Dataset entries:
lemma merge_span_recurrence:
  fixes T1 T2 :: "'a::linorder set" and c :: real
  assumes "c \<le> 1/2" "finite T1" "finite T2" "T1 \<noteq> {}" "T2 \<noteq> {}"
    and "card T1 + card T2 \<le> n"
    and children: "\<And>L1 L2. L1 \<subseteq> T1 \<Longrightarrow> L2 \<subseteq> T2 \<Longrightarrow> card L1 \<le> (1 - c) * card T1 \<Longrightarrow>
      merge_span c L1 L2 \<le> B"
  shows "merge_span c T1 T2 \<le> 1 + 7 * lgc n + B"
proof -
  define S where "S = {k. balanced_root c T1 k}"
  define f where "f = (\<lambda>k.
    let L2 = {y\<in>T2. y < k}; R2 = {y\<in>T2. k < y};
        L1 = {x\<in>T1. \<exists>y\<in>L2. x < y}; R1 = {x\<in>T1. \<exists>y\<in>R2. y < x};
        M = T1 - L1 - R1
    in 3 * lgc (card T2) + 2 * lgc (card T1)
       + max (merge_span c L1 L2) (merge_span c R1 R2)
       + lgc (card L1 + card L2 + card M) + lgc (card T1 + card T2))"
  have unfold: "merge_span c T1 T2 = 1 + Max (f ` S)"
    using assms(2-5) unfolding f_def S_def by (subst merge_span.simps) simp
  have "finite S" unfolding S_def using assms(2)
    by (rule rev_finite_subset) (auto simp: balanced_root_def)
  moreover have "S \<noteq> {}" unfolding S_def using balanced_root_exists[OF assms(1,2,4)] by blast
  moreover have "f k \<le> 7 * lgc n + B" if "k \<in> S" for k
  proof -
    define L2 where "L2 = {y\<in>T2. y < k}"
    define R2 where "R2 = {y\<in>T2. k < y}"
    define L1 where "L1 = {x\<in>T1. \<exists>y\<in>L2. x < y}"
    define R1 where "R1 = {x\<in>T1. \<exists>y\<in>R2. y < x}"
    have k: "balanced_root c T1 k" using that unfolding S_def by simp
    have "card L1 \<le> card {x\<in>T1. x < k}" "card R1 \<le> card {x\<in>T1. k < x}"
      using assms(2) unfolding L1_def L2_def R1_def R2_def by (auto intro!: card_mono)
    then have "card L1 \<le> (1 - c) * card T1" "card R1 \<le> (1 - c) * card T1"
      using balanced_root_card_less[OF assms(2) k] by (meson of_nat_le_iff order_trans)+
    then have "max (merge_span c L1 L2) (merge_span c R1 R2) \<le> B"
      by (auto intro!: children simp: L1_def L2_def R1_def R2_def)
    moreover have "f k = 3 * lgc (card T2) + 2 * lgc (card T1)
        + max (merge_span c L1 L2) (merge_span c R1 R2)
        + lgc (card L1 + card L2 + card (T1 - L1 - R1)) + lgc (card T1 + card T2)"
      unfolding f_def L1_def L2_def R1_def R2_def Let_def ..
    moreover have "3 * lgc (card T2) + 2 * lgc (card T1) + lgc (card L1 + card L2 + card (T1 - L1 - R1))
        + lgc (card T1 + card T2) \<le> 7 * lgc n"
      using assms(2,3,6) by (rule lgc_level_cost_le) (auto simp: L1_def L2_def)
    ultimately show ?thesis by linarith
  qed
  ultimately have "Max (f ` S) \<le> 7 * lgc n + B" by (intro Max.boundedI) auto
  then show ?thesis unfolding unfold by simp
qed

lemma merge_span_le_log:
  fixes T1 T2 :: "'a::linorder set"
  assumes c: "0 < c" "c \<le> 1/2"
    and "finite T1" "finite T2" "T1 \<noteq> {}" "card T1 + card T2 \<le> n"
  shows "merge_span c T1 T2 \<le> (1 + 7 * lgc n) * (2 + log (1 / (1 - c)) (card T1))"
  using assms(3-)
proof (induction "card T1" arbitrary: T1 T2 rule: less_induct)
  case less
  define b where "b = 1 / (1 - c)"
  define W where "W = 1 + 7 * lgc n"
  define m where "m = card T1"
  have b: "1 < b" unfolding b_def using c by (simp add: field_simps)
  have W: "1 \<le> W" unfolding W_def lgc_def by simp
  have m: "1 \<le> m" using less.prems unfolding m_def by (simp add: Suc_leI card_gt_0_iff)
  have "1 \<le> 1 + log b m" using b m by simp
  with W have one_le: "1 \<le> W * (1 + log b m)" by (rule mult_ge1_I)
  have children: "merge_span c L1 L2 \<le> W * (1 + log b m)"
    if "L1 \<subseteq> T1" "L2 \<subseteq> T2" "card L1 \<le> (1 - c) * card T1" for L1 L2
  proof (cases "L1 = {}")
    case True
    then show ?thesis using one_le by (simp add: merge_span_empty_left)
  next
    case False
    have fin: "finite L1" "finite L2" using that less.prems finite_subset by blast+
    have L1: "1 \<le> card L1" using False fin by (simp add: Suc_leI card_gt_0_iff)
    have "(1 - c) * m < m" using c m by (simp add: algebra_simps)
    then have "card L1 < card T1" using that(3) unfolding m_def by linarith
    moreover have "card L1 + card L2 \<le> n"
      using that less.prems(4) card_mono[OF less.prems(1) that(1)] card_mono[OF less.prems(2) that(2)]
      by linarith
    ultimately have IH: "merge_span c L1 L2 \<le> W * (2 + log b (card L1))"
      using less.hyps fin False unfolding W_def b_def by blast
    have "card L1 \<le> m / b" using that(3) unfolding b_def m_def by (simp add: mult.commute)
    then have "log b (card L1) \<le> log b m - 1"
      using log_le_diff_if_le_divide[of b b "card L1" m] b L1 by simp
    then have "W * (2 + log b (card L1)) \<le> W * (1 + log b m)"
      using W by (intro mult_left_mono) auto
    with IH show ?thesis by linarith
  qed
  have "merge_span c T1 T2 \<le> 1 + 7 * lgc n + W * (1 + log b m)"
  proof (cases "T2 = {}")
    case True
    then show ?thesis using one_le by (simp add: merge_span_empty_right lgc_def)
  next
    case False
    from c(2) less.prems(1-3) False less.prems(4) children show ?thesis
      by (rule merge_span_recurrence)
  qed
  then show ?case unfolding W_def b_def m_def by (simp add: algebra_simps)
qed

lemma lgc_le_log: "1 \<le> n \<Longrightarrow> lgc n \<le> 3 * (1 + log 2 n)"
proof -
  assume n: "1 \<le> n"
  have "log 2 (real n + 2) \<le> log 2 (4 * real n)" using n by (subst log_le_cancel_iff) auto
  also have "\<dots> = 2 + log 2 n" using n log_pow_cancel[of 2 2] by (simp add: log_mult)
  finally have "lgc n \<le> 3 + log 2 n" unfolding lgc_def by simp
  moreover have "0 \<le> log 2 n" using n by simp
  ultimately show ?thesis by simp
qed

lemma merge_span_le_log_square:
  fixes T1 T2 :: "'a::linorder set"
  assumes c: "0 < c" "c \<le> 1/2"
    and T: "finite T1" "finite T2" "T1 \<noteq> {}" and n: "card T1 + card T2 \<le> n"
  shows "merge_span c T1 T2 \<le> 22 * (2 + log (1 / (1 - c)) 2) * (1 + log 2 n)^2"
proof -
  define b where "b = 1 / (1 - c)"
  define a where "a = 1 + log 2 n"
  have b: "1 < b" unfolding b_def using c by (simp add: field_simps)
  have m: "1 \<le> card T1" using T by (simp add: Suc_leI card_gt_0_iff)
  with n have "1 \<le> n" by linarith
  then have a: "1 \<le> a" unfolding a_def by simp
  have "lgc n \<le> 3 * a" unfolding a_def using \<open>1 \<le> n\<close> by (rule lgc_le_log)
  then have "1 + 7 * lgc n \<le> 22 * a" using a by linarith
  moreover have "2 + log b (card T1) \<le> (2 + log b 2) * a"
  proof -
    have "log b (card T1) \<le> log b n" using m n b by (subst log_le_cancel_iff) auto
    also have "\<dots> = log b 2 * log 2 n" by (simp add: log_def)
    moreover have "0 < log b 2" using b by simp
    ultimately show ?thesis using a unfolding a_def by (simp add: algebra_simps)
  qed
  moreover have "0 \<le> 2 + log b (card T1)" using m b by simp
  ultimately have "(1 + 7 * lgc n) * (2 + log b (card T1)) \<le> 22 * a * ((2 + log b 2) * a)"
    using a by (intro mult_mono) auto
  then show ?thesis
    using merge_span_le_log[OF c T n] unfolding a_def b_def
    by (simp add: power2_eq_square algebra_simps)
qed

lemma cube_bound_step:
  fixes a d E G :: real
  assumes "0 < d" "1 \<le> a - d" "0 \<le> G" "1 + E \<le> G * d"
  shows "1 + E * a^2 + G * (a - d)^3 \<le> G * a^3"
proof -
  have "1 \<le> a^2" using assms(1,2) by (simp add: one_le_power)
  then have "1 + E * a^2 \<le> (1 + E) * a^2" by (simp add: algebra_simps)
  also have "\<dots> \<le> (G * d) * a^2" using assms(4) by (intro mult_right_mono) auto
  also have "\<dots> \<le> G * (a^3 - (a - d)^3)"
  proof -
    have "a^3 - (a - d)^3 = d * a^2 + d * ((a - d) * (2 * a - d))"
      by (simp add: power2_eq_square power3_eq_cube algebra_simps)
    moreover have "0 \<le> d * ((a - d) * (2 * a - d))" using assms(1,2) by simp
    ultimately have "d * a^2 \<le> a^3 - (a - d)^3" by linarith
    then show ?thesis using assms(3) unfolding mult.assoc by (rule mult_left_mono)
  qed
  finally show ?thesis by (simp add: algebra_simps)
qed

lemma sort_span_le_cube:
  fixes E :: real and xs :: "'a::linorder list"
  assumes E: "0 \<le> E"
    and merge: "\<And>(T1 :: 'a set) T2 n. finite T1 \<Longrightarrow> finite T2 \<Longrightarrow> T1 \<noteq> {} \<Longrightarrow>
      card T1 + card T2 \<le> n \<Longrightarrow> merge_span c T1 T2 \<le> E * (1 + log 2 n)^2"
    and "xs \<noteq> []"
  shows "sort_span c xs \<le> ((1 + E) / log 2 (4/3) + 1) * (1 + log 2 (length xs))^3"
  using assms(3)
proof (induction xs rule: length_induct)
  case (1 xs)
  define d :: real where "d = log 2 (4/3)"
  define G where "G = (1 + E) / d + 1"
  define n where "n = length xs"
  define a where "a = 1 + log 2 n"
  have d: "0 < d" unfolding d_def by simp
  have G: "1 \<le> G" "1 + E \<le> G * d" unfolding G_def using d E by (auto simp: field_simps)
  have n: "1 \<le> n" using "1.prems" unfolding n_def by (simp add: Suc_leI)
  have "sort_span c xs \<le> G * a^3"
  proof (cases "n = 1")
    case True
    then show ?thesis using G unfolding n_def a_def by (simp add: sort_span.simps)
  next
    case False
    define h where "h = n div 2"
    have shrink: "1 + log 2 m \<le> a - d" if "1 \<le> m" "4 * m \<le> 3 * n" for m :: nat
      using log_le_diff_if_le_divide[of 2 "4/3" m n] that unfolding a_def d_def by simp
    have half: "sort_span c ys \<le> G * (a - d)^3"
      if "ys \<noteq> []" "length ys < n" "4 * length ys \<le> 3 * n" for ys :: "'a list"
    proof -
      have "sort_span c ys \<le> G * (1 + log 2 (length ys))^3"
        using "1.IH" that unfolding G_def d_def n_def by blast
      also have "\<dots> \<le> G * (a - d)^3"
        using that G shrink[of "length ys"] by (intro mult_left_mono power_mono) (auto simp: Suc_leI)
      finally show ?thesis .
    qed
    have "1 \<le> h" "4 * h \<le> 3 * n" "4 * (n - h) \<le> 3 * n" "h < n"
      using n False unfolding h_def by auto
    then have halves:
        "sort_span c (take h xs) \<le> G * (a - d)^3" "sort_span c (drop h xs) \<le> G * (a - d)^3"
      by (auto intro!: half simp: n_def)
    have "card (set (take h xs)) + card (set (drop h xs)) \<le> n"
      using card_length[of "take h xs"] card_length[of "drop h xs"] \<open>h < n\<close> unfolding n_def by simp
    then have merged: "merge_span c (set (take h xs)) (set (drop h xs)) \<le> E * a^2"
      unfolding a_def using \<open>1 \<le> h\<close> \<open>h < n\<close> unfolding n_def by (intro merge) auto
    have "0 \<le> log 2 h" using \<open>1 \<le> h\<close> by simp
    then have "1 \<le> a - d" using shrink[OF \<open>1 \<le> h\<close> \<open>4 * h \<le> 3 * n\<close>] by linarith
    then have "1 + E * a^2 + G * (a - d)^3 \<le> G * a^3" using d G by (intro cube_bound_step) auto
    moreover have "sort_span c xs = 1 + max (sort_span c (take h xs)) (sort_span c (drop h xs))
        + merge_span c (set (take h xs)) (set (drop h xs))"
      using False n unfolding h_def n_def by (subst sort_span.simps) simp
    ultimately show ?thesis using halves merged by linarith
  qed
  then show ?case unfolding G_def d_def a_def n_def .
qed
* * *
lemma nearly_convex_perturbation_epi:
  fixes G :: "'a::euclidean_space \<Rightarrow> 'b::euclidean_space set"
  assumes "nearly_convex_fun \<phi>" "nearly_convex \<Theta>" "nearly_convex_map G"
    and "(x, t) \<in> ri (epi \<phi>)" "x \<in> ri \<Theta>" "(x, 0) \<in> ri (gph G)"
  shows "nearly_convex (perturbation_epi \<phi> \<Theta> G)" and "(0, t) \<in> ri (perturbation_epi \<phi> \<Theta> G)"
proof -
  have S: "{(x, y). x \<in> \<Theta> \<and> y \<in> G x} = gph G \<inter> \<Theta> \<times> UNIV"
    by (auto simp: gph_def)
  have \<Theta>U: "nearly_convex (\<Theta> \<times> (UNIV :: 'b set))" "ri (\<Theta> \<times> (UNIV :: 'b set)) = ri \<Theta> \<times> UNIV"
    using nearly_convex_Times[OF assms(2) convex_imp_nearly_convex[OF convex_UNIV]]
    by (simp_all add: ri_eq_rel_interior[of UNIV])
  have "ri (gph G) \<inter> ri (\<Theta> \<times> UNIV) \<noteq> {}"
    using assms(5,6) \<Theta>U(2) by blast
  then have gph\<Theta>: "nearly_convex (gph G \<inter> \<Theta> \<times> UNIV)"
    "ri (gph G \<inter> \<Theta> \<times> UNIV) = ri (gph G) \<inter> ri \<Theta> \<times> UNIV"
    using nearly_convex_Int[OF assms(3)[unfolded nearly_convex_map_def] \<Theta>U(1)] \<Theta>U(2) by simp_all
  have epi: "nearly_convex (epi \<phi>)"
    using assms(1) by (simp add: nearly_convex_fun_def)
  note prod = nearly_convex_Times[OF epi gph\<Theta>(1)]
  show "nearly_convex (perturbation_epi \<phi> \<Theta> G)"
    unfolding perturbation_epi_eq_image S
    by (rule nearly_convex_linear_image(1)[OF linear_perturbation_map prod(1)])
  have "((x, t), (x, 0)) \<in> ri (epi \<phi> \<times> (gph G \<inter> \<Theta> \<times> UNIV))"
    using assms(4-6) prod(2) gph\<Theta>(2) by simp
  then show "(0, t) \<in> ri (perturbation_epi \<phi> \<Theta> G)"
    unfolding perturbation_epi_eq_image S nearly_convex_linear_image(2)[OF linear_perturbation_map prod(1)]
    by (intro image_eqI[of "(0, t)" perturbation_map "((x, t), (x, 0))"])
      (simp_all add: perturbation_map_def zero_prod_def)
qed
--
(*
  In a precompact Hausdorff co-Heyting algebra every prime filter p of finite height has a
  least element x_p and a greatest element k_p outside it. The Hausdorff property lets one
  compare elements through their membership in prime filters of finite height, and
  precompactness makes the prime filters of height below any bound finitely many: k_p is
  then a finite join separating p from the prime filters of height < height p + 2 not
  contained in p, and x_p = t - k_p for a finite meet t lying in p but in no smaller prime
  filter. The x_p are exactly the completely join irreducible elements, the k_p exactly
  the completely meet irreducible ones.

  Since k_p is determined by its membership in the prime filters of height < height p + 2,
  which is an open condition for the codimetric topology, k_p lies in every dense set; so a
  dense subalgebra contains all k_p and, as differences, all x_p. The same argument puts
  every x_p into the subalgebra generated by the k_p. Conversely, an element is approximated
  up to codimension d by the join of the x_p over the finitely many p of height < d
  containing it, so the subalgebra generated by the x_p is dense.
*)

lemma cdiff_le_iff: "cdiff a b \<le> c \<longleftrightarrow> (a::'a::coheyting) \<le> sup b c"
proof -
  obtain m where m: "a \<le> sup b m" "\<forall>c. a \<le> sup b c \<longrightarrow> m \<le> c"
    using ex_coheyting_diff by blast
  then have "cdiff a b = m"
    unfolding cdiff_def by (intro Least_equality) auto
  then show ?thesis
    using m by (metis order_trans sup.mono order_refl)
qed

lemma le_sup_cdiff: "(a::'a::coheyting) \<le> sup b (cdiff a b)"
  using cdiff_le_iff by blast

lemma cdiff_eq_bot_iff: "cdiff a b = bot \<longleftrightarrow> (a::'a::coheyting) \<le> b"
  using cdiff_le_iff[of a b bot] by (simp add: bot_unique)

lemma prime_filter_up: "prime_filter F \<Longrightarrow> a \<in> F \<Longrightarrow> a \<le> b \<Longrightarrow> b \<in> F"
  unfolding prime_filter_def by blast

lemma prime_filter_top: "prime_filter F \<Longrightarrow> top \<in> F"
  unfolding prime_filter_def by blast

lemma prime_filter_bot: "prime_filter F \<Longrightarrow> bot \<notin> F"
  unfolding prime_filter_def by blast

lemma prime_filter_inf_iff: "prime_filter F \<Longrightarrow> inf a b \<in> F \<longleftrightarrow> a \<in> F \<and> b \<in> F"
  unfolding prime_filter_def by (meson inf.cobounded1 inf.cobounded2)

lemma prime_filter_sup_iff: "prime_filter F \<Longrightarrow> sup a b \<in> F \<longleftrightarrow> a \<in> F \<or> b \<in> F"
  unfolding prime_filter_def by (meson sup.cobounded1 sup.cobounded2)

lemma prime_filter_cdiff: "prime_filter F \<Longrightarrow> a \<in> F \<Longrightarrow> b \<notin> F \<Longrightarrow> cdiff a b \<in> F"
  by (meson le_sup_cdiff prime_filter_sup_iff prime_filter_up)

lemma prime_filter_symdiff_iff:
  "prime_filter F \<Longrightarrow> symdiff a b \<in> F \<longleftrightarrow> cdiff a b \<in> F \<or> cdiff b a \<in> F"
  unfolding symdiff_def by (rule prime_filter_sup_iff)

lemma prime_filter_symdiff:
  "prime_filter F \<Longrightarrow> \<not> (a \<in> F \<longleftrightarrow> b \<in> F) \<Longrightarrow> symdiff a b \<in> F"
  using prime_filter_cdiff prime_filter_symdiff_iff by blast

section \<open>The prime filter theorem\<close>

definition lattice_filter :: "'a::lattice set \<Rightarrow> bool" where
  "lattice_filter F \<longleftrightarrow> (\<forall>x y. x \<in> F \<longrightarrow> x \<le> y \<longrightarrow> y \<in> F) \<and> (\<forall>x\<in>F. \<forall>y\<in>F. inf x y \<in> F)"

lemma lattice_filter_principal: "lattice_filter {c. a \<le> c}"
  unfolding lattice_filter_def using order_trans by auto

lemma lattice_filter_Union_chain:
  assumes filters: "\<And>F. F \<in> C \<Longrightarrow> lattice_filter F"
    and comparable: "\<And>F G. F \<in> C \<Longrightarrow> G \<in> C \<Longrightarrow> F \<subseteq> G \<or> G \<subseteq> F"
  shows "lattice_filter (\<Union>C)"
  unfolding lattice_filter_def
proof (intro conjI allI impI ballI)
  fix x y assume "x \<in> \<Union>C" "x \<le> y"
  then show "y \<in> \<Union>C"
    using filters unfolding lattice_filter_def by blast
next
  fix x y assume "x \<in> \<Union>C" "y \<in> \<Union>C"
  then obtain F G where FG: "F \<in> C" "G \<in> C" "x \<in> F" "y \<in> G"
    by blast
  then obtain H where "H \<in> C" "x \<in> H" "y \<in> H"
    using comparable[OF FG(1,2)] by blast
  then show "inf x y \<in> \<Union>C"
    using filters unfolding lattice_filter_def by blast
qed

ASSIGNMENT: Nothing but the lines above from the one containing "F \<Longrightarrow> inf" through the one containing "unfolding prime_filter_def by (meson inf.cobounded1" should appear in the answer, each repeated exactly.

EXERCISE ANSWER:
lemma prime_filter_inf_iff: "prime_filter F \<Longrightarrow> inf a b \<in> F \<longleftrightarrow> a \<in> F \<and> b \<in> F"
  unfolding prime_filter_def by (meson inf.cobounded1 inf.cobounded2)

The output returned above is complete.